Она умела другое – любить всех нас и жить с нами нашей жизнью.


Стихи ее никогда не интересовали. Жареный миндаль ей уж точно был дороже всех четверостиший. Но, когда вышли “Стихи поэтов МГУ”[1], она пришла на презентацию и купила не знаю сколько – двадцать, тридцать, пятьдесят, – может, и сто – книжек.

От полноты чувств, просто потому, что там были мои стихи, а она была моя мама.


Женился брат, потом я. Мы разъехались по разным квартирам. По разным концам города. У каждого была уже своя жизнь.

У мамы – своей, отдельной от нас, – не было.

Стареть мама не хотела и не умела.

Она рано поседела, седина ей очень шла, но она старательно красила волосы в ненатурально черный цвет.

Когда в телеящике выступал цыганский ансамбль, где молодые и горячие пели, плясали, сверкали глазами, а на заднем плане сидели, меланхолически покачиваясь в такт, старухи в пестрых шалях, говорила, что, когда уйдет наконец из школы, будет на пенсии подрабатывать “сидячей цыганкой”.

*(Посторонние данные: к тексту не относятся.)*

lemma rf_eval_inverse_X_mult_power:
  assumes "degree p \<le> K"
  shows "rf_eval p (inverse rf_X) * rf_X ^ K = rf_of_poly (reverse_poly K p)"
proof -
  have "rf_eval p (inverse rf_X) * rf_X ^ K
        = (\<Sum>i\<le>K. rf_const (Polynomial.coeff p i) * inverse rf_X ^ i * rf_X ^ K)"
    using poly_as_sum_of_monoms'[OF assms] rf_eval_sum[of _ "{..K}"]
    by (metis (no_types, lifting) rf_eval_monom sum.cong sum_distrib_right)
  also have "\<dots> = (\<Sum>i\<le>K. rf_const (Polynomial.coeff p i) * rf_X ^ (K - i))"
  proof (rule sum.cong)
    fix i assume "i \<in> {..K}"
    then have "inverse rf_X ^ i * rf_X ^ K = rf_X ^ (K - i)"
      by (simp add: power_diff power_inverse divide_inverse mult.commute)
    then show "rf_const (Polynomial.coeff p i) * inverse rf_X ^ i * rf_X ^ K
               = rf_const (Polynomial.coeff p i) * rf_X ^ (K - i)"
      by (metis mult.assoc)
  qed simp
  also have "\<dots> = rf_of_poly (reverse_poly K p)"
    by (simp add: reverse_poly_def rf_of_poly_sum rf_of_poly_monom)
  finally show ?thesis .
qed

lemma rf_eval_inverse_X_nonzero:
  assumes "q \<noteq> 0"
  shows "rf_eval q (inverse rf_X) \<noteq> 0"
proof
  assume "rf_eval q (inverse rf_X) = 0"
  then have "reverse_poly (degree q) q = 0"
    using rf_eval_inverse_X_mult_power[of q "degree q"] by simp
  then have "Polynomial.coeff (reverse_poly (degree q) q) 0 = 0" by simp
  then show False using assms by (simp add: coeff_reverse_poly)
qed

lemma rf_inv_subst_Fract:
  assumes "q \<noteq> 0"
  shows "rf_inv_subst (Fract p q) = rf_eval p (inverse rf_X) / rf_eval q (inverse rf_X)"
  unfolding rf_inv_subst_def
proof (rule someI2)
  show "\<exists>p' q'. q' \<noteq> 0 \<and> Fract p q = Fract p' q' \<and>
          rf_eval p (inverse rf_X) / rf_eval q (inverse rf_X)
          = rf_eval p' (inverse rf_X) / rf_eval q' (inverse rf_X)"
    using assms by blast
next
  fix s assume "\<exists>p' q'. q' \<noteq> 0 \<and> Fract p q = Fract p' q' \<and>
                  s = rf_eval p' (inverse rf_X) / rf_eval q' (inverse rf_X)"
  then obtain p' q' where q': "q' \<noteq> 0" and "Fract p q = Fract p' q'"
    and s: "s = rf_eval p' (inverse rf_X) / rf_eval q' (inverse rf_X)" by blast
  then have "p * q' = p' * q" using assms by (simp add: eq_fract)
  then have "rf_eval p (inverse rf_X) * rf_eval q' (inverse rf_X)
             = rf_eval p' (inverse rf_X) * rf_eval q (inverse rf_X)"
    by (metis rf_eval_mult)
  then show "s = rf_eval p (inverse rf_X) / rf_eval q (inverse rf_X)"
    using s assms q' rf_eval_inverse_X_nonzero[of q] rf_eval_inverse_X_nonzero[of q']
    by (simp add: frac_eq_eq)
qed

lemma rf_inv_subst_rf_of_poly [simp]: "rf_inv_subst (rf_of_poly p) = rf_eval p (inverse rf_X)"
  using rf_inv_subst_Fract[of 1 p] by (simp add: rf_of_poly_def)

lemma rf_inv_subst_const [simp]: "rf_inv_subst (rf_const a) = rf_const a"
  using rf_inv_subst_rf_of_poly[of "[:a:]"] by simp

lemma rf_inv_subst_X [simp]: "rf_inv_subst rf_X = inverse rf_X"
  using rf_inv_subst_rf_of_poly[of "[:0, 1:]"] by (simp add: rf_of_poly_X)

lemma rf_inv_subst_0 [simp]: "rf_inv_subst 0 = 0"
  using rf_inv_subst_const[of 0] by simp

lemma rf_inv_subst_1 [simp]: "rf_inv_subst 1 = 1"
  using rf_inv_subst_const[of 1] by simp

lemma rf_inv_subst_add [simp]: "rf_inv_subst (r + s) = rf_inv_subst r + rf_inv_subst s"
proof (cases r; cases s)
  fix a b c d assume "r = Fract a b" "b \<noteq> 0" "s = Fract c d" "d \<noteq> 0"
  then show ?thesis using rf_eval_inverse_X_nonzero[of b] rf_eval_inverse_X_nonzero[of d]
    by (simp add: rf_inv_subst_Fract field_simps)
qed

lemma rf_inv_subst_mult [simp]: "rf_inv_subst (r * s) = rf_inv_subst r * rf_inv_subst s"
proof (cases r; cases s)
  fix a b c d assume "r = Fract a b" "b \<noteq> 0" "s = Fract c d" "d \<noteq> 0"
  then show ?thesis using rf_eval_inverse_X_nonzero[of b] rf_eval_inverse_X_nonzero[of d]
    by (simp add: rf_inv_subst_Fract field_simps)
qed

lemma rf_inv_subst_uminus [simp]: "rf_inv_subst (- r) = - rf_inv_subst r"
  by (metis add.right_inverse add_eq_0_iff rf_inv_subst_add rf_inv_subst_0)

lemma rf_inv_subst_diff [simp]: "rf_inv_subst (r - s) = rf_inv_subst r - rf_inv_subst s"
  by (metis diff_conv_add_uminus rf_inv_subst_add rf_inv_subst_uminus)

lemma rf_inv_subst_inverse [simp]: "rf_inv_subst (inverse r) = inverse (rf_inv_subst r)"
proof (cases r)
  fix a b assume r: "r = Fract a b" "b \<noteq> 0"
  show ?thesis
  proof (cases "a = 0")
    case False
    then show ?thesis using r rf_eval_inverse_X_nonzero[of b] rf_eval_inverse_X_nonzero[of a]
      by (simp add: rf_inv_subst_Fract)
  qed (use r in \<open>simp add: fract_collapse\<close>)
qed

lemma rf_inv_subst_divide [simp]: "rf_inv_subst (r / s) = rf_inv_subst r / rf_inv_subst s"
  by (simp add: divide_inverse)

lemma rf_inv_subst_power [simp]: "rf_inv_subst (r ^ n) = rf_inv_subst r ^ n"
  by (induct n) simp_all

lemma rf_inv_subst_rf_eval: "rf_inv_subst (rf_eval p z) = rf_eval p (rf_inv_subst z)"
  by (induct p) simp_all

section \<open>The fixed field of x \<mapsto> 1/x\<close>

abbreviation rf_u :: "'a::field rf" where
  "rf_u \<equiv> rf_X + inverse rf_X"

lemma rf_inv_subst_rf_u [simp]: "rf_inv_subst rf_u = rf_u"
  by (simp add: add.commute)

lemma rf_of_poly_X2_plus_1: "rf_of_poly [:1, 0, 1:] = rf_X * rf_u"
  by (simp add: rf_of_poly_pCons field_simps)

definition self_reciprocal :: "nat \<Rightarrow> 'a::field poly \<Rightarrow> bool" where
  "self_reciprocal K P \<longleftrightarrow> degree P \<le> K \<and> reverse_poly K P = P"

lemma self_reciprocal_iff:
  "self_reciprocal K P \<longleftrightarrow> degree P \<le> K \<and> rf_inv_subst (rf_of_poly P) * rf_X ^ K = rf_of_poly P"
  using rf_eval_inverse_X_mult_power[of P K] by (auto simp: self_reciprocal_def)

lemma self_reciprocal_coeff_0:
  "self_reciprocal K P \<Longrightarrow> Polynomial.coeff P 0 = Polynomial.coeff P K"
  by (metis self_reciprocal_def coeff_reverse_poly diff_zero le0)

lemma self_reciprocal_X2_plus_1_power: "self_reciprocal (2 * n) ([:1, 0, 1:] ^ n)"
  unfolding self_reciprocal_iff
proof
  have "degree ([:1, 0, 1:] ^ n :: 'a poly) = n * 2"
    by (simp add: degree_power_eq)
  then show "degree ([:1, 0, 1:] ^ n :: 'a poly) \<le> 2 * n" by simp
  have "inverse rf_X * rf_u * rf_X ^ 2 = rf_X * (rf_u :: 'a rf)"
    by (simp add: field_simps power2_eq_square)
  then have "(inverse rf_X * rf_u) ^ n * rf_X ^ (2 * n) = (rf_X * (rf_u :: 'a rf)) ^ n"
    by (metis power_mult power_mult_distrib)
  moreover have "rf_inv_subst (rf_of_poly [:1, 0, 1:]) = inverse rf_X * (rf_u :: 'a rf)"
    by (simp only: rf_of_poly_X2_plus_1 rf_inv_subst_mult rf_inv_subst_X rf_inv_subst_rf_u)
  ultimately show "rf_inv_subst (rf_of_poly ([:1, 0, 1:] ^ n)) * rf_X ^ (2 * n)
                   = rf_of_poly ([:1, 0, 1:] ^ n :: 'a poly)"
    by (simp only: rf_of_poly_power rf_inv_subst_power rf_of_poly_X2_plus_1)
qed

Говорила так, словно все это не про нее – пенсия, старость. На ворох появившихся с возрастом болезней внимания почти не обращала. И здесь не умела вписывать себя в границы и рамки – регулярный прием лекарств, диета, режим…


Умерла мама рано.

Втроем мы стояли у гроба. Папа и брат молча смотрели в землю. Я ревел в голос. Взрослый уже вроде мужик, муж, отец семейства. Или только тогда я стал совсем взрослым?

1

Выпущенная в 1977 году могучими усилиями Игоря Волгина первая и едва ли не единственная наша доперестроечная публикация в отчизне. Там впервые были напечатаны Сопровский, Гандлевский, Кублановский, Кенжеев, много кто еще.